00:05:42.000 | So typically Mondays, I'm on campus all day. I'm not this Monday.
00:05:47.000 | And so that's my savior. I can then put in a much longer block on Monday to really finish the article.
00:05:52.000 | So I'm doing something different this week. But that is my ideal schedule.
00:05:56.000 | For the long form pieces that have multiple interviews and I have to do a lot of original reporting,
00:06:01.000 | that's a whole different story. That takes place over months. I like that because I'm very good at non-urgent
00:06:07.000 | but important work like making steady progress on things is a lot less stressful, I think,
00:06:11.000 | than every other week something has to be filed. But that's the way I do it.
00:06:16.000 | And I will just say, because you said you ran out of time to write, this whole process was designed
00:06:21.000 | to have a minimal footprint on my schedule as a professor who works on other things.

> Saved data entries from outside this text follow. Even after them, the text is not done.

lemma emeasure_diff_body_on_card_eq:
  fixes K :: "'a::euclidean_space set"
  assumes S: "finite S" and T: "finite T" and card: "card T = card S" and K: "compact K"
  shows "emeasure (PiM S (\<lambda>_. lborel)) (diff_body_on S K) = emeasure (PiM T (\<lambda>_. lborel :: 'a measure)) (diff_body_on T K)"
proof -
  obtain f where f: "bij_betw f T S" using finite_same_card_bij[OF T S card] by blast
  define t where "t = (\<lambda>x :: nat \<Rightarrow> 'a. \<lambda>j\<in>T. x (f j))"
  have fT: "f ` T = S" using f by (simp add: bij_betw_def)
  have t: "t \<in> measurable (PiM S (\<lambda>_. lborel)) (PiM T (\<lambda>_. lborel :: 'a measure))"
    unfolding t_def by (intro measurable_restrict measurable_component_singleton) (use fT in auto)
  have "t -` diff_body_on T K \<inter> space (PiM S (\<lambda>_. lborel)) = diff_body_on S K"
  proof (intro set_eqI)
    fix x
    have "x \<in> t -` diff_body_on T K \<inter> space (PiM S (\<lambda>_. lborel))
        \<longleftrightarrow> x \<in> PiE S (\<lambda>_. UNIV) \<and> (\<exists>y\<in>K. \<forall>j\<in>T. y - x (f j) \<in> K)"
      by (simp add: diff_body_on_def t_def space_PiM conj_commute)
    also have "\<dots> \<longleftrightarrow> x \<in> diff_body_on S K"
      unfolding diff_body_on_def fT[symmetric] by blast
    finally show "x \<in> t -` diff_body_on T K \<inter> space (PiM S (\<lambda>_. lborel)) \<longleftrightarrow> x \<in> diff_body_on S K" .
  qed
  then have "emeasure (distr (PiM S (\<lambda>_. lborel)) (PiM T (\<lambda>_. lborel)) t) (diff_body_on T K)
      = emeasure (PiM S (\<lambda>_. lborel)) (diff_body_on S K)"
    by (simp add: emeasure_distr[OF t sets_diff_body_on[OF countable_finite[OF T] K]])
  moreover have "distr (PiM S (\<lambda>_. lborel)) (PiM T (\<lambda>_. lborel)) t = PiM T (\<lambda>_. lborel)"
    unfolding t_def by (rule distr_PiM_reindex_bij[OF lborel.sigma_finite_measure_axioms f T])
  ultimately show ?thesis
    by simp
qed
section \<open>Smooth monotone moduli of continuity\<close>

lemma monotone_modulus_of_tendsto_0:
  fixes t :: "'a::real_normed_vector \<Rightarrow> real"
  assumes "(t \<longlongrightarrow> 0) (at 0)"
  obtains g where "mono_on {0<..} g" "\<And>r. r > 0 \<Longrightarrow> g r > 0" "(g \<longlongrightarrow> 0) (at_right 0)"
    "\<forall>\<^sub>F z in at 0. t z \<le> g (norm z)"
proof -
  \<comment> \<open>capping at 1 keeps the suprema finite without assuming t bounded\<close>
  define S where "S r = insert 0 {min 1 \<bar>t z\<bar> | z. z \<noteq> 0 \<and> norm z \<le> r}" for r
  define m where "m r = Sup (S r)" for r
  have bdd: "bdd_above (S r)" for r
    unfolding S_def by (rule bdd_aboveI[of _ 1]) auto
  have m_ge: "min 1 \<bar>t z\<bar> \<le> m (norm z)" if "z \<noteq> 0" for z
    unfolding m_def using that by (intro cSup_upper bdd) (auto simp: S_def)
  have m_nonneg: "0 \<le> m r" for r
    unfolding m_def by (intro cSup_upper bdd) (simp add: S_def)
  have m_mono: "mono m"
    unfolding m_def by (intro monoI cSup_subset_mono bdd) (auto simp: S_def)
  have "(m \<longlongrightarrow> 0) (at_right 0)"
  proof (rule tendstoI)
    fix e :: real assume "e > 0"
    then have "\<forall>\<^sub>F z in at 0. \<bar>t z\<bar> < e / 2"
      using tendstoD[OF assms, of "e / 2"] by simp
    then obtain d where "d > 0" and d: "\<And>z. z \<noteq> 0 \<Longrightarrow> norm z < d \<Longrightarrow> \<bar>t z\<bar> < e / 2"
      unfolding eventually_at by auto
    have "min 1 \<bar>t z\<bar> \<le> e / 2" if "z \<noteq> 0" "norm z < d" for z
      using d[OF that] by linarith
    then have "m r \<le> e / 2" if "r < d" for r
      unfolding m_def using \<open>e > 0\<close> that by (intro cSup_least) (auto simp: S_def)
    then show "\<forall>\<^sub>F r in at_right 0. dist (m r) 0 < e"
      using \<open>d > 0\<close> \<open>e > 0\<close> m_nonneg
      by (intro eventually_at_rightI[of 0 d]) (force simp: dist_real_def)+
  qed
  show ?thesis
  proof
    show "mono_on {0<..} (\<lambda>r. m r + r)"
      using m_mono by (intro mono_onI add_mono) (auto dest: monoD)
    show "m r + r > 0" if "r > 0" for r using m_nonneg[of r] that by simp
    show "((\<lambda>r. m r + r) \<longlongrightarrow> 0) (at_right 0)"
      using tendsto_add[OF \<open>(m \<longlongrightarrow> 0) (at_right 0)\<close> tendsto_ident_at] by simp
    have "\<forall>\<^sub>F z in at 0. \<bar>t z\<bar> < 1" "\<forall>\<^sub>F z in at (0::'a). z \<noteq> 0"
      using tendstoD[OF assms, of 1] by (auto simp: eventually_at_filter)
    then show "\<forall>\<^sub>F z in at 0. t z \<le> m (norm z) + norm z"
    proof eventually_elim
      case (elim z)
      then have "t z \<le> min 1 \<bar>t z\<bar>" by simp
      also have "\<dots> \<le> m (norm z)" using m_ge elim by blast
      finally show ?case using norm_ge_zero[of z] by linarith
    qed
  qed
qed

definition moving_average :: "(real \<Rightarrow> real) \<Rightarrow> real \<Rightarrow> real" where
  "moving_average h s = integral {s..s + 1} h"

lemma integrable_on_Icc_if_mono:
  fixes h :: "real \<Rightarrow> real"
  assumes "mono h"
  shows "h integrable_on {a..b}"
  using assms by (intro integrable_on_mono_on) (simp add: mono_on_def monoD)

lemma moving_average_bounds:
  assumes "mono h"
  shows "h s \<le> moving_average h s" and "moving_average h s \<le> h (s + 1)"
proof -
  have "integral {s..s + 1} (\<lambda>_. h s) \<le> integral {s..s + 1} h"
    by (rule integral_le) (auto intro: integrable_on_Icc_if_mono assms monoD[OF assms])
  then show "h s \<le> moving_average h s" by (simp add: moving_average_def)
  have "integral {s..s + 1} h \<le> integral {s..s + 1} (\<lambda>_. h (s + 1))"
    by (rule integral_le) (auto intro: integrable_on_Icc_if_mono assms monoD[OF assms])
  then show "moving_average h s \<le> h (s + 1)" by (simp add: moving_average_def)
qed

lemma mono_moving_average:
  assumes "mono h"
  shows "mono (moving_average h)"
proof
  fix s s' :: real assume "s \<le> s'"
  have "mono (h \<circ> (+) r)" for r
    using assms by (intro monoI) (simp add: monoD)
  then have "integral {0..1} (h \<circ> (+) s) \<le> integral {0..1} (h \<circ> (+) s')"
    using \<open>s \<le> s'\<close> by (intro integral_le integrable_on_Icc_if_mono) (simp_all add: monoD[OF assms])
  then show "moving_average h s \<le> moving_average h s'"
    by (simp add: moving_average_def integral_shift_Icc_real add.commute)
qed

lemma moving_average_thrice_bounds:
  assumes "mono h"
  defines "F \<equiv> moving_average (moving_average (moving_average h))"
  shows "h s \<le> F s" and "F s \<le> h (s + 3)"
proof -
  have mono: "mono (moving_average h)" "mono (moving_average (moving_average h))"
    using assms by (simp_all add: mono_moving_average)
  show "h s \<le> F s"
    using moving_average_bounds(1)[OF assms(1), of s] moving_average_bounds(1)[OF mono(1), of s]
      moving_average_bounds(1)[OF mono(2), of s]
    unfolding F_def by linarith
  show "F s \<le> h (s + 3)"
    using moving_average_bounds(2)[OF assms(1), of "s + 2"]
      moving_average_bounds(2)[OF mono(1), of "s + 1"] moving_average_bounds(2)[OF mono(2), of s]
    unfolding F_def by (simp add: add.assoc)
qed

lemma moving_average_eq_indefinite_diff:
  assumes "\<And>a b. h integrable_on {a..b}" "a \<le> s"
  shows "moving_average h s = integral {a..s + 1} h - integral {a..s} h"
  using Henstock_Kurzweil_Integration.integral_combine[of a s "s + 1" h] assms
  by (simp add: moving_average_def)

lemma isCont_moving_average:
  assumes "\<And>a b. h integrable_on {a..b}"
  shows "isCont (moving_average h) s"
proof -
  define \<Psi> where "\<Psi> u = integral {s - 1..u} h" for u
  have "continuous_on {s - 1..s + 2} \<Psi>"
    unfolding \<Psi>_def by (rule indefinite_integral_continuous_1[OF assms])
  then have "isCont \<Psi> u" if "u \<in> {s - 1<..<s + 2}" for u
    using that by (intro continuous_on_interior[of "{s - 1..s + 2}"]) auto
  then have "isCont (\<lambda>r. \<Psi> (r + 1)) s" "isCont \<Psi> s"
    using isCont_o2[where f = "\<lambda>r. r + 1" and a = s and g = \<Psi>] by auto
  then have "isCont (\<lambda>r. \<Psi> (r + 1) - \<Psi> r) s" by (rule isCont_diff)
  moreover have "\<forall>\<^sub>F r in nhds s. r \<in> {s - 1<..}"
    by (rule eventually_nhds_in_open) auto
  then have "\<forall>\<^sub>F r in nhds s. moving_average h r = \<Psi> (r + 1) - \<Psi> r"
    by eventually_elim (simp add: \<Psi>_def moving_average_eq_indefinite_diff[OF assms])
  ultimately show ?thesis by (simp add: isCont_cong)
qed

00:06:27.000 | So you'll notice when this schedule works properly, there's a happy hour session,
00:06:32.000 | a weekday morning, and a Sunday morning. So in theory, when this schedule is operating at full pitch,
00:06:39.000 | there's a few hours of one weekday morning is the only part of my normal 9 to 5 workday
00:06:44.000 | that gets sacrificed to the New Yorker writing. Now, I don't always hit that,
00:06:49.000 | but at least it is feasible and maybe about 50% of the time I do. And that allows me to actually do
00:06:54.000 | a pretty large amount of productive writing here without it taking over all the other aspects of my life.
00:07:02.000 | So good question. And that's a good reminder for me that I am behind and I have to get back to writing.